■ **Goal of the exercise**:
Copy the following listing word for word.

■ **Recorded information**:
(* Assume Assumption (I), and let $(L_k,u_k)$ be a sequence generated by Algorithm A. Then $(u_k)$ is bounded in $V$ and $(F'(u_k))$ is bounded in $V^*$.
   Context: Standing assumptions: $\Omega\subset\mathbb R^d$ bounded Lipschitz domain; $V$ real Hilbert space with inner product $\langle\cdot,\cdot\rangle_V$, $V\subset L^2(\Omega)$ with compact and dense embedding; $V^*$ dual. $F:V\to\mathbb R$ weakly lower semicontinuous, bounded below by an affine function, continuously Fréchet differentiable. $\alpha>0$, $\beta>0$, $p\in(0,1)$. Assumption (I): the standing assumptions hold; $F'$ is completely continuous ($u_n\rightharpoonup u$ in $V$ implies $F'(u_n)\to F'(u)$ in $V^*$); and $F':V\to V^*$ is Lipschitz continuous on bounded sets. For $\epsilon>0$, $\psi_\epsilon(t)=\frac p2\frac{t}{\epsilon^{2-p}}+(1-\frac p2)\epsilon^p$ if $t\in[0,\epsilon^2)$, $\psi_\epsilon(t)=t^{p/2}$ if $t\ge\epsilon^2$, $\psi_\epsilon'(t)=\frac p2\min(\epsilon^{p-2},t^{(p-2)/2})$. Algorithm A: choose a monotonically decreasing sequence $\epsilon_k\searrow0$, constants $\gamma>1$, $\tilde L>0$, and $u_0\in V$. Given $u_k$, for $L\ge0$ let problem (Q$_{k,L}$) be $\min_{u\in V} F(u_k)+F'(u_k)(u-u_k)+\frac L2\|u-u_k\|_V^2+\frac\alpha2\|u\|_V^2+\beta\int_\Omega\big[\psi_{\epsilon_k}(u_k^2)+\psi_{\epsilon_k}'(u_k^2)(u^2-u_k^2)\big]dx$ (strongly convex, unique minimizer), and let (D$_{k,L}$) be the condition $F(u_{k+1})\le F(u_k)+F'(u_k)(u_{k+1}-u_k)+L\|u_{k+1}-u_k\|_V^2$ for its minimizer $u_{k+1}$. $L_k$ is the smallest $L\in\{0\}\cup\{\tilde L\gamma^l:l\ge0\}$ for which (D$_{k,L}$) holds, and $u_{k+1}$ is the corresponding minimizer; then $k\mapsto k+1$. *)

theory Defs
  imports "HOL-Analysis.Analysis"
begin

■ **Output of the task**:
(* Assume Assumption (I), and let $(L_k,u_k)$ be a sequence generated by Algorithm A. Then $(u_k)$ is bounded in $V$ and $(F'(u_k))$ is bounded in $V^*$.
   Context: Standing assumptions: $\Omega\subset\mathbb R^d$ bounded Lipschitz domain; $V$ real Hilbert space with inner product $\langle\cdot,\cdot\rangle_V$, $V\subset L^2(\Omega)$ with compact and dense embedding; $V^*$ dual. $F:V\to\mathbb R$ weakly lower semicontinuous, bounded below by an affine function, continuously Fréchet differentiable. $\alpha>0$, $\beta>0$, $p\in(0,1)$. Assumption (I): the standing assumptions hold; $F'$ is completely continuous ($u_n\rightharpoonup u$ in $V$ implies $F'(u_n)\to F'(u)$ in $V^*$); and $F':V\to V^*$ is Lipschitz continuous on bounded sets. For $\epsilon>0$, $\psi_\epsilon(t)=\frac p2\frac{t}{\epsilon^{2-p}}+(1-\frac p2)\epsilon^p$ if $t\in[0,\epsilon^2)$, $\psi_\epsilon(t)=t^{p/2}$ if $t\ge\epsilon^2$, $\psi_\epsilon'(t)=\frac p2\min(\epsilon^{p-2},t^{(p-2)/2})$. Algorithm A: choose a monotonically decreasing sequence $\epsilon_k\searrow0$, constants $\gamma>1$, $\tilde L>0$, and $u_0\in V$. Given $u_k$, for $L\ge0$ let problem (Q$_{k,L}$) be $\min_{u\in V} F(u_k)+F'(u_k)(u-u_k)+\frac L2\|u-u_k\|_V^2+\frac\alpha2\|u\|_V^2+\beta\int_\Omega\big[\psi_{\epsilon_k}(u_k^2)+\psi_{\epsilon_k}'(u_k^2)(u^2-u_k^2)\big]dx$ (strongly convex, unique minimizer), and let (D$_{k,L}$) be the condition $F(u_{k+1})\le F(u_k)+F'(u_k)(u_{k+1}-u_k)+L\|u_{k+1}-u_k\|_V^2$ for its minimizer $u_{k+1}$. $L_k$ is the smallest $L\in\{0\}\cup\{\tilde L\gamma^l:l\ge0\}$ for which (D$_{k,L}$) holds, and $u_{k+1}$ is the corresponding minimizer; then $k\mapsto k+1$. *)

theory Defs
  imports "HOL-Analysis.Analysis"
begin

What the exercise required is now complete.